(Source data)
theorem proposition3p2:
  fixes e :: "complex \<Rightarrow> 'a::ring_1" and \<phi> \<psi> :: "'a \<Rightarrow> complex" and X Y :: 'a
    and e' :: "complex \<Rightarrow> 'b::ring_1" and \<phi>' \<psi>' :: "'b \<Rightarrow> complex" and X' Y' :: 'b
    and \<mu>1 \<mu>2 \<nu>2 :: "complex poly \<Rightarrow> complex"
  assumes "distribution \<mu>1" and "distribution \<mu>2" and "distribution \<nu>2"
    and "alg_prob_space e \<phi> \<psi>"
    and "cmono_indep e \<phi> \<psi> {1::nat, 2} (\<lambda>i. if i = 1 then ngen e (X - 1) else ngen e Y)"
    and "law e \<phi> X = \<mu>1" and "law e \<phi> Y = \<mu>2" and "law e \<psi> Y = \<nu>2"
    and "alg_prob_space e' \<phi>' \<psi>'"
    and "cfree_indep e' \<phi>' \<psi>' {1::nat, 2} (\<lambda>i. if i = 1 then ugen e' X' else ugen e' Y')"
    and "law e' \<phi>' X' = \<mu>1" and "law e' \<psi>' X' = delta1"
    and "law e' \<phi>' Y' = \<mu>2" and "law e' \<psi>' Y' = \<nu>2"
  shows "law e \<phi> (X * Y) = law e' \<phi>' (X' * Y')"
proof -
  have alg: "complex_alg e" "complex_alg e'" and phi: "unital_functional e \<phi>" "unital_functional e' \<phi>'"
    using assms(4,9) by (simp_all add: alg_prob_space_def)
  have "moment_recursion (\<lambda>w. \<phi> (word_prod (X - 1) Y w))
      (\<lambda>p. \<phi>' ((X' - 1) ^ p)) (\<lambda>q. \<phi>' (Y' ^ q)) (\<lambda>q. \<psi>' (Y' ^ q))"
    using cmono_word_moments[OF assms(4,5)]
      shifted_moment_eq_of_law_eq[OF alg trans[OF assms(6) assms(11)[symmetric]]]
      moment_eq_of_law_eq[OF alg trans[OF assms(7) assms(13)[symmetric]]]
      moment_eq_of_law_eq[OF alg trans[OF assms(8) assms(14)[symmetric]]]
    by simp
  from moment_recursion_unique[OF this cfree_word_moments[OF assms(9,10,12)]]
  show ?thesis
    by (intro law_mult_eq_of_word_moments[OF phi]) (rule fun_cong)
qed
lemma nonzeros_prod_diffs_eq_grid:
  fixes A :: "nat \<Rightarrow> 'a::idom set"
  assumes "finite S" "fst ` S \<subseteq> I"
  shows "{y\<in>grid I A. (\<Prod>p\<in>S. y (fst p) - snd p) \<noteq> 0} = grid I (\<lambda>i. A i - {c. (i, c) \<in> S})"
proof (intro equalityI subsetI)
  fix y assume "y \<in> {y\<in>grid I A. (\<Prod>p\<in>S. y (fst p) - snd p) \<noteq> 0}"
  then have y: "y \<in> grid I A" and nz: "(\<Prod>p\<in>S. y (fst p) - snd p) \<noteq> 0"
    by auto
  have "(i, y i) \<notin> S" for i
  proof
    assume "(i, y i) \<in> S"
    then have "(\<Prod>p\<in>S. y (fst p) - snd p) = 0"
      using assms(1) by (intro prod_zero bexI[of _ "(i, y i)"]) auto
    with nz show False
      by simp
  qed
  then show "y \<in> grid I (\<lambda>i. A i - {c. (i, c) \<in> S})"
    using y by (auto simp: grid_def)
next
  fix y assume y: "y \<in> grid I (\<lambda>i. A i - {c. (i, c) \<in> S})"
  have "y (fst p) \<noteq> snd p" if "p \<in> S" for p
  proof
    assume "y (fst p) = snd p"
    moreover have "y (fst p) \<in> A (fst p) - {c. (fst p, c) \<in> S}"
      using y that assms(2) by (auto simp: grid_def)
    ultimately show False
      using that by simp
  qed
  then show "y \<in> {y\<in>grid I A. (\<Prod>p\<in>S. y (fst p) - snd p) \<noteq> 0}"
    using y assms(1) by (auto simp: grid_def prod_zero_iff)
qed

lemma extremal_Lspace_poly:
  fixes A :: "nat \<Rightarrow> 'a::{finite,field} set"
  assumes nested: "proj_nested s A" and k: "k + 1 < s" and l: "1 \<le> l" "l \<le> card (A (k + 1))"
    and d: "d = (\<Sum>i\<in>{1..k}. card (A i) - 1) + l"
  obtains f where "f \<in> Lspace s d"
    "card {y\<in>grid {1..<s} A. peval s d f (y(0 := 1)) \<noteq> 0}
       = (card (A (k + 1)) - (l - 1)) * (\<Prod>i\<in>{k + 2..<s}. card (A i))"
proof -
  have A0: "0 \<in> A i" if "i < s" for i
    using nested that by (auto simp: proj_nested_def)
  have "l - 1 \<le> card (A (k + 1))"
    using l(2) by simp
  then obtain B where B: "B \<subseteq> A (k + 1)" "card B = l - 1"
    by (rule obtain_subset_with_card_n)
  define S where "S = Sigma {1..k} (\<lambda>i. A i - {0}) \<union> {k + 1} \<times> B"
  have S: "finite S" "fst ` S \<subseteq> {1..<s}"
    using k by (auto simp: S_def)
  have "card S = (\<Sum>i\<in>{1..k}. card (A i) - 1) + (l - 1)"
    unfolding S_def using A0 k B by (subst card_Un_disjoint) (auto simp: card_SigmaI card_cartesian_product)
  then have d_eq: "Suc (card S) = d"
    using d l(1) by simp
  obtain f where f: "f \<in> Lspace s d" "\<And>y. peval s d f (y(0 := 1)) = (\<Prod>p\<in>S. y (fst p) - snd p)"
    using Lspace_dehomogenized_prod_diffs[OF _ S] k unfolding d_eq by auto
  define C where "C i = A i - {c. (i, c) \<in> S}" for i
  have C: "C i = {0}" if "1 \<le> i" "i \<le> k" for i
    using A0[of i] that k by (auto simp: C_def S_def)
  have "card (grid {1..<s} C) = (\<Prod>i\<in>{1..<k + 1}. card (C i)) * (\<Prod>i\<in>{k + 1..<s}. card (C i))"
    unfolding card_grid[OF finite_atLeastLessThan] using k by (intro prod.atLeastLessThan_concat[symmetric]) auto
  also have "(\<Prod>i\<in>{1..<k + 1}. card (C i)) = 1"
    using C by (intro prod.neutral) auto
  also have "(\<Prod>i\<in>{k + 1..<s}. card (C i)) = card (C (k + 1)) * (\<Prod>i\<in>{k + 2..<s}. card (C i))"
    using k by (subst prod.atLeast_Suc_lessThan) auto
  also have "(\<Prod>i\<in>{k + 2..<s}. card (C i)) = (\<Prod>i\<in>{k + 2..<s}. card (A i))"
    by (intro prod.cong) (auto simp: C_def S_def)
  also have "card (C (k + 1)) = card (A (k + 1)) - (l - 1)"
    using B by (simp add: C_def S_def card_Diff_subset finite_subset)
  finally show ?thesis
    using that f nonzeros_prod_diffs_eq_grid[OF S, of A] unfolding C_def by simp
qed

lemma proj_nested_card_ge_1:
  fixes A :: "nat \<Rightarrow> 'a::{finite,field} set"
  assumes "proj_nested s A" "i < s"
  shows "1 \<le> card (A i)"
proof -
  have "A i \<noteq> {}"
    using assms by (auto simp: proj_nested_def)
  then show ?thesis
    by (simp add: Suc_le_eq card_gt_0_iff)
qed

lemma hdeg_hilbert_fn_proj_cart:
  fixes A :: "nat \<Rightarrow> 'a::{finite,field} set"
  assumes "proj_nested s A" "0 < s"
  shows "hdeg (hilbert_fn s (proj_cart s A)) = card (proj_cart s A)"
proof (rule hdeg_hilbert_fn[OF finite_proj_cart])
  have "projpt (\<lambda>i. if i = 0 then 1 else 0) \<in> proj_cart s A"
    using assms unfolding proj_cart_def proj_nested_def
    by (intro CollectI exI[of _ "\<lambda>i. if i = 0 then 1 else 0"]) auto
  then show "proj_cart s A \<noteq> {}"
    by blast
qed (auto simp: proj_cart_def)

• [PROBLEM DETAILS]
Filter the records for lines holding the string "assumes". Copy each one.

• [FINISHED EXERCISE]
  assumes "distribution \<mu>1" and "distribution \<mu>2" and "distribution \<nu>2"
  assumes "finite S" "fst ` S \<subseteq> I"
  assumes nested: "proj_nested s A" and k: "k + 1 < s" and l: "1 \<le> l" "l \<le> card (A (k + 1))"
  assumes "proj_nested s A" "i < s"
  assumes "proj_nested s A" "0 < s"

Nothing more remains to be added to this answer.